[Stored items]
+++++

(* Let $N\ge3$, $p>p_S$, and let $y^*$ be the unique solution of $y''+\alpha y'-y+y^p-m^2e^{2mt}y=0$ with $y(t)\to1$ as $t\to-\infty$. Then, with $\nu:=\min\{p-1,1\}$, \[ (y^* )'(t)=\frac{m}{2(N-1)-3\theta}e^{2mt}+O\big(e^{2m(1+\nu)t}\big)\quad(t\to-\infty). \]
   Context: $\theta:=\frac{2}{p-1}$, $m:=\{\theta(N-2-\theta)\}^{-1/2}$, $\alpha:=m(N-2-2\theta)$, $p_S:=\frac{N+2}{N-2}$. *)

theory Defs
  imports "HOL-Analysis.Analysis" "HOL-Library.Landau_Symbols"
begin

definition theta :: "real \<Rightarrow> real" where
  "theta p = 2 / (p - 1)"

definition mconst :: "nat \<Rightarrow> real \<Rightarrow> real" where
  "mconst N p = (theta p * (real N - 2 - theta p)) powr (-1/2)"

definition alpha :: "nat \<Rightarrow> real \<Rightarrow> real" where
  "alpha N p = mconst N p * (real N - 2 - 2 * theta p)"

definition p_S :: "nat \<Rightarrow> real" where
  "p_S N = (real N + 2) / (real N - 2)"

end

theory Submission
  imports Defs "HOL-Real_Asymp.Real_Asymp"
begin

+++++

Output these and nothing else: the lines from the one holding "N p = mconst" through the final line of the entries above, exactly as they appear.

Answer for the task:
  "alpha N p = mconst N p * (real N - 2 - 2 * theta p)"

definition p_S :: "nat \<Rightarrow> real" where
  "p_S N = (real N + 2) / (real N - 2)"

end

theory Submission
  imports Defs "HOL-Real_Asymp.Real_Asymp"
begin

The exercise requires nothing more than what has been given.